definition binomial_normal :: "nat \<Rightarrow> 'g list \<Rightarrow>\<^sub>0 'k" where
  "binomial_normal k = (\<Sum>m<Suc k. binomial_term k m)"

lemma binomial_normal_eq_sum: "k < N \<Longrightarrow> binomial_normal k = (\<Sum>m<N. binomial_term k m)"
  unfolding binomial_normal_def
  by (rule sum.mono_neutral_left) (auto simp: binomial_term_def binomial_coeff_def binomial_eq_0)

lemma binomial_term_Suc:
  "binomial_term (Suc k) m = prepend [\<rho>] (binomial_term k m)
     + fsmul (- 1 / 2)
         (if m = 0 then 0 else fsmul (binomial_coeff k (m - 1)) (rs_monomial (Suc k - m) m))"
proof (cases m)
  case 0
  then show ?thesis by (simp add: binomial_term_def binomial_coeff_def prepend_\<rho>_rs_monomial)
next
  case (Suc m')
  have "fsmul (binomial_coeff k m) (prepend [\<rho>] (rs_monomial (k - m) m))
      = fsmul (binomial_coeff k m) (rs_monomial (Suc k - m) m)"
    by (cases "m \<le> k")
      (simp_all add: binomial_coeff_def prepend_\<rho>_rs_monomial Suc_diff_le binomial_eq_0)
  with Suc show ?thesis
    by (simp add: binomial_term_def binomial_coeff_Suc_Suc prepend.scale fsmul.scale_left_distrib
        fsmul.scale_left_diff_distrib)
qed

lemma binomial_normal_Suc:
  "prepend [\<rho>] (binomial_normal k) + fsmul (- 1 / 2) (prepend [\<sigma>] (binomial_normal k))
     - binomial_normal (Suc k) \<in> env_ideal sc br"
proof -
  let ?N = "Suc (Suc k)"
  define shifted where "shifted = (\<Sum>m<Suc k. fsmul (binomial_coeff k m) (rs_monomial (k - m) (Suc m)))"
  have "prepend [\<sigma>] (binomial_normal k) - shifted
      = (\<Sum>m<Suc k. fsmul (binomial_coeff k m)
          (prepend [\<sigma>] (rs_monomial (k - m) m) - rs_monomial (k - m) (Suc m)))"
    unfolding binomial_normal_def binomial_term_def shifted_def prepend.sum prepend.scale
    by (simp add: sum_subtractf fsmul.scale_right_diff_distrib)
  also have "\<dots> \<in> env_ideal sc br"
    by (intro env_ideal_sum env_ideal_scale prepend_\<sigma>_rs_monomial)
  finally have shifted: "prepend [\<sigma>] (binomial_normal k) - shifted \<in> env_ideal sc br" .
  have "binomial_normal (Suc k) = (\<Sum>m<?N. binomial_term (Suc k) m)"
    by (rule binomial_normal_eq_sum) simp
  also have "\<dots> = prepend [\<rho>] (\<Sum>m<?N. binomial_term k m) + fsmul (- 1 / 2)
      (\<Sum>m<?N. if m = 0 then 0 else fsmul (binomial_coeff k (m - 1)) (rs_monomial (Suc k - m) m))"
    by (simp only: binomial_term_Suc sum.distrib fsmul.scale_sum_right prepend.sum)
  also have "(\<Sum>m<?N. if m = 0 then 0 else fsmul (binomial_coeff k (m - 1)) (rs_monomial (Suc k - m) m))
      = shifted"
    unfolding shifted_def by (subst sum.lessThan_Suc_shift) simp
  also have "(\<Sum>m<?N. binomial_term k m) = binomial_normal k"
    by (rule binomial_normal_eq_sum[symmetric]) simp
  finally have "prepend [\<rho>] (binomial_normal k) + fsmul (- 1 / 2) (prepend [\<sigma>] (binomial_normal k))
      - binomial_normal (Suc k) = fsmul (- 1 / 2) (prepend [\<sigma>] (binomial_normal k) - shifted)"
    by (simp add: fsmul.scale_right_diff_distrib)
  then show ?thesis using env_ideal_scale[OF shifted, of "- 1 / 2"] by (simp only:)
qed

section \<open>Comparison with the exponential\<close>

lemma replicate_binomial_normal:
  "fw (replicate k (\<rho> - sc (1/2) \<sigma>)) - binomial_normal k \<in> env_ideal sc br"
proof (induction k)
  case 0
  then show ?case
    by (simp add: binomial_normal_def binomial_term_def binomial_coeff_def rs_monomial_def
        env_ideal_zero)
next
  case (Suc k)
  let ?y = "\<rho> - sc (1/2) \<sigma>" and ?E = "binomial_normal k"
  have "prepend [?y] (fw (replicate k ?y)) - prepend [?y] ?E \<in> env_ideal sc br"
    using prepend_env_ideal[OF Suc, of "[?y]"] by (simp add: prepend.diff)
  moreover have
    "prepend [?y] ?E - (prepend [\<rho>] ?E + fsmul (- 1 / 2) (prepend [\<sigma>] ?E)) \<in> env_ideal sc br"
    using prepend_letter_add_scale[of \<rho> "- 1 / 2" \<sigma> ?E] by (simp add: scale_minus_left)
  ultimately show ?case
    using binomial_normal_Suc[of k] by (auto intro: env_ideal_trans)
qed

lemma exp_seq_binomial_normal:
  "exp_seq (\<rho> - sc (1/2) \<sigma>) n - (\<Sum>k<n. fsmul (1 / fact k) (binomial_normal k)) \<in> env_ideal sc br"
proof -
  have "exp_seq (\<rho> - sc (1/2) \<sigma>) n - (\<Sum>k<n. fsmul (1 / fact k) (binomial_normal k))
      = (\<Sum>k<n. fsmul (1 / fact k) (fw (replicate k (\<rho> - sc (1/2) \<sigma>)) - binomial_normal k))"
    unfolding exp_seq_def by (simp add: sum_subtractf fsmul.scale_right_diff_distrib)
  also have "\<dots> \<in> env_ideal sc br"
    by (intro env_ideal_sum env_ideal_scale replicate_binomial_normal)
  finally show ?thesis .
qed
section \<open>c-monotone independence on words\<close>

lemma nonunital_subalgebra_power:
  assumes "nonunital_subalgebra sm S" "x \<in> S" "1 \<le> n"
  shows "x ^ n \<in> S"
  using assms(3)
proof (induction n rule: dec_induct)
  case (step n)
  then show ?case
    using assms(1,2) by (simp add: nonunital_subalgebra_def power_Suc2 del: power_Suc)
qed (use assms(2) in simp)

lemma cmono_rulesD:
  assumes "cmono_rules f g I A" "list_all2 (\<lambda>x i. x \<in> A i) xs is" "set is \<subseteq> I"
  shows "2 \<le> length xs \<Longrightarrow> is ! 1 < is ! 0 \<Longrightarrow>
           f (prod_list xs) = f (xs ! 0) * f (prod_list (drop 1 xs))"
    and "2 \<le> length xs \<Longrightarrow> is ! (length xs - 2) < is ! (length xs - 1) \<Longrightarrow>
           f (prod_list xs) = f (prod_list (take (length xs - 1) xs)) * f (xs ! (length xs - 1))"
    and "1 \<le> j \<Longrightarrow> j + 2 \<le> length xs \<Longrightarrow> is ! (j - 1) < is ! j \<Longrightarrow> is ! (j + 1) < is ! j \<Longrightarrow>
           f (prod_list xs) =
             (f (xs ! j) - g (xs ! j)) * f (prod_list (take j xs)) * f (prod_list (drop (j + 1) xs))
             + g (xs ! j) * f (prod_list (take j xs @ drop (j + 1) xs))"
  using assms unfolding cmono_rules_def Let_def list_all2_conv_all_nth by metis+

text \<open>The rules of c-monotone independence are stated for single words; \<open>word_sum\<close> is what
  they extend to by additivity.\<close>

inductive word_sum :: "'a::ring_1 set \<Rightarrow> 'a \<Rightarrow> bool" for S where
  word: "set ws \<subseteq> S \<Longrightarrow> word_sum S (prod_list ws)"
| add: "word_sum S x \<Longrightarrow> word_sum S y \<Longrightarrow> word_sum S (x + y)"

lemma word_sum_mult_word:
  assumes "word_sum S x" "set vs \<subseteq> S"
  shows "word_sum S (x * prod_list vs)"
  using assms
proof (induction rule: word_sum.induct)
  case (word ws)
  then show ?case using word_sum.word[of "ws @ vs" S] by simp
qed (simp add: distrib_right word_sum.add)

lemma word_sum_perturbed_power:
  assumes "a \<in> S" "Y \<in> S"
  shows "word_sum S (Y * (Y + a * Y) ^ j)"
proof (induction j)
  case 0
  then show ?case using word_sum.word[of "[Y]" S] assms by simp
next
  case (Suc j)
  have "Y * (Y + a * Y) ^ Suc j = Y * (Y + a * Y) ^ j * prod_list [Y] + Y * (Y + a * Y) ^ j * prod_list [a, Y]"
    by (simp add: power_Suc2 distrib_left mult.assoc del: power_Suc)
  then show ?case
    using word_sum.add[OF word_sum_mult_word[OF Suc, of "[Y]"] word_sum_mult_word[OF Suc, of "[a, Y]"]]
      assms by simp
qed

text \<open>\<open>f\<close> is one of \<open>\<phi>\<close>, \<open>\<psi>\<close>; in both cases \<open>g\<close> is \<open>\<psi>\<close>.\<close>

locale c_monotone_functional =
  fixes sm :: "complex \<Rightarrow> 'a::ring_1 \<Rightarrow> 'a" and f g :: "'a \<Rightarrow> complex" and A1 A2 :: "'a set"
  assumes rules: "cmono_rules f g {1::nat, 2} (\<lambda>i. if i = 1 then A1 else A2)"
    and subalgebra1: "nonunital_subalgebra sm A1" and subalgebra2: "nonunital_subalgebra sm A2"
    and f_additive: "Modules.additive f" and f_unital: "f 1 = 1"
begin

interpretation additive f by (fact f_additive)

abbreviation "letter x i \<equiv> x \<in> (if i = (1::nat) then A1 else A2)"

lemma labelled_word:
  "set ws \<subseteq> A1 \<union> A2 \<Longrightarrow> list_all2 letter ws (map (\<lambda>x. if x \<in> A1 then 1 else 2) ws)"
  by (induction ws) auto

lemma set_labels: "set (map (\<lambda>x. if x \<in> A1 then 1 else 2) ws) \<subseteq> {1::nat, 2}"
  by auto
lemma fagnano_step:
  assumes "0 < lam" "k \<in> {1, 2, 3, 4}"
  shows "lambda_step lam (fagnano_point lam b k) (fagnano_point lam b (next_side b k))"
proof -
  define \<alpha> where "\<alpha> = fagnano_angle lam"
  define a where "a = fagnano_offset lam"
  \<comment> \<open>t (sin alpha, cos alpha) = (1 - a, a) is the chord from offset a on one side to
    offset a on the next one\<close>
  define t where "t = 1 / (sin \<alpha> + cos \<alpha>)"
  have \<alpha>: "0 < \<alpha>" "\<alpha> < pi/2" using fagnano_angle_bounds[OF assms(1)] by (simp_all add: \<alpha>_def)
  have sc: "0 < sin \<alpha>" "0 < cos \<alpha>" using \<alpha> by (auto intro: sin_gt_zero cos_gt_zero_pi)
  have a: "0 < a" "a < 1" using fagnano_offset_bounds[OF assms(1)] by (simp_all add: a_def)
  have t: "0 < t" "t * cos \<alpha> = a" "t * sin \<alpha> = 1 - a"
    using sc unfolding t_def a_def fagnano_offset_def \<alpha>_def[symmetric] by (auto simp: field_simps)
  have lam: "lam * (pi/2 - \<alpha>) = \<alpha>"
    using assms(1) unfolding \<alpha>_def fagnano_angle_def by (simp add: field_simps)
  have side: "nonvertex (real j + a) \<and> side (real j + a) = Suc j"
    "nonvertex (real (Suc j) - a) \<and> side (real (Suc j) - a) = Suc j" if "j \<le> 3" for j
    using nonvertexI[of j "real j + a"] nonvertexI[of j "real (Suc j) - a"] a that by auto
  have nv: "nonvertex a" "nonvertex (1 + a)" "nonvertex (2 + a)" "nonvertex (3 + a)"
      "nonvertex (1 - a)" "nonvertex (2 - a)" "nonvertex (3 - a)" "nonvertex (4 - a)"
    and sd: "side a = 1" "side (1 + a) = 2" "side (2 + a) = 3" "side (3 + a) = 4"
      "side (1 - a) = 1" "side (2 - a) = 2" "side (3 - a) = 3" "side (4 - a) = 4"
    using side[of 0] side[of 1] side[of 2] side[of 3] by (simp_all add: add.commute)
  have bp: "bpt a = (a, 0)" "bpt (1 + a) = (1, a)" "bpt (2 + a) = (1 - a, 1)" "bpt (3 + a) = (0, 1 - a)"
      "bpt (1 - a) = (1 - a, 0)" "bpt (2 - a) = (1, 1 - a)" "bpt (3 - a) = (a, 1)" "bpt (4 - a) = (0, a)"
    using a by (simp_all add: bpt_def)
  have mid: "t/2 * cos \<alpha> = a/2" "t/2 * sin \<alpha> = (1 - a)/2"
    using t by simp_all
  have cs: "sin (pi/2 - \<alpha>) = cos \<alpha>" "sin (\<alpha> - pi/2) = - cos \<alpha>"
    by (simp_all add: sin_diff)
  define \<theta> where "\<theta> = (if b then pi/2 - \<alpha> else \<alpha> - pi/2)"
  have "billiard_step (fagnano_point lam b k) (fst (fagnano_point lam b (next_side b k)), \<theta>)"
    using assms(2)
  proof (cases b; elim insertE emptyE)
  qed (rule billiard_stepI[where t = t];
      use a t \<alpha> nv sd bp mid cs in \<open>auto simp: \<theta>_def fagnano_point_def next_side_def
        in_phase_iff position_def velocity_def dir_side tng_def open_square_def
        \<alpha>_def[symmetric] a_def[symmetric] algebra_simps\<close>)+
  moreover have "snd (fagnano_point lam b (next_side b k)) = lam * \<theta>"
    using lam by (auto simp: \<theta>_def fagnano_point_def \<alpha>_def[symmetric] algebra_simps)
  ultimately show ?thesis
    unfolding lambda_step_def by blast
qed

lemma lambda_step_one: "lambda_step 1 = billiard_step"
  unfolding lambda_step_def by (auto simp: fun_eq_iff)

##############################

Among the records above, a stretch begins at the line containing "qed (use assms(2) in simp)" and ends at the line containing "- 1) \<Longrightarrow>". Restate that stretch word for word, and nothing else.

qed (use assms(2) in simp)

lemma cmono_rulesD:
  assumes "cmono_rules f g I A" "list_all2 (\<lambda>x i. x \<in> A i) xs is" "set is \<subseteq> I"
  shows "2 \<le> length xs \<Longrightarrow> is ! 1 < is ! 0 \<Longrightarrow>
           f (prod_list xs) = f (xs ! 0) * f (prod_list (drop 1 xs))"
    and "2 \<le> length xs \<Longrightarrow> is ! (length xs - 2) < is ! (length xs - 1) \<Longrightarrow>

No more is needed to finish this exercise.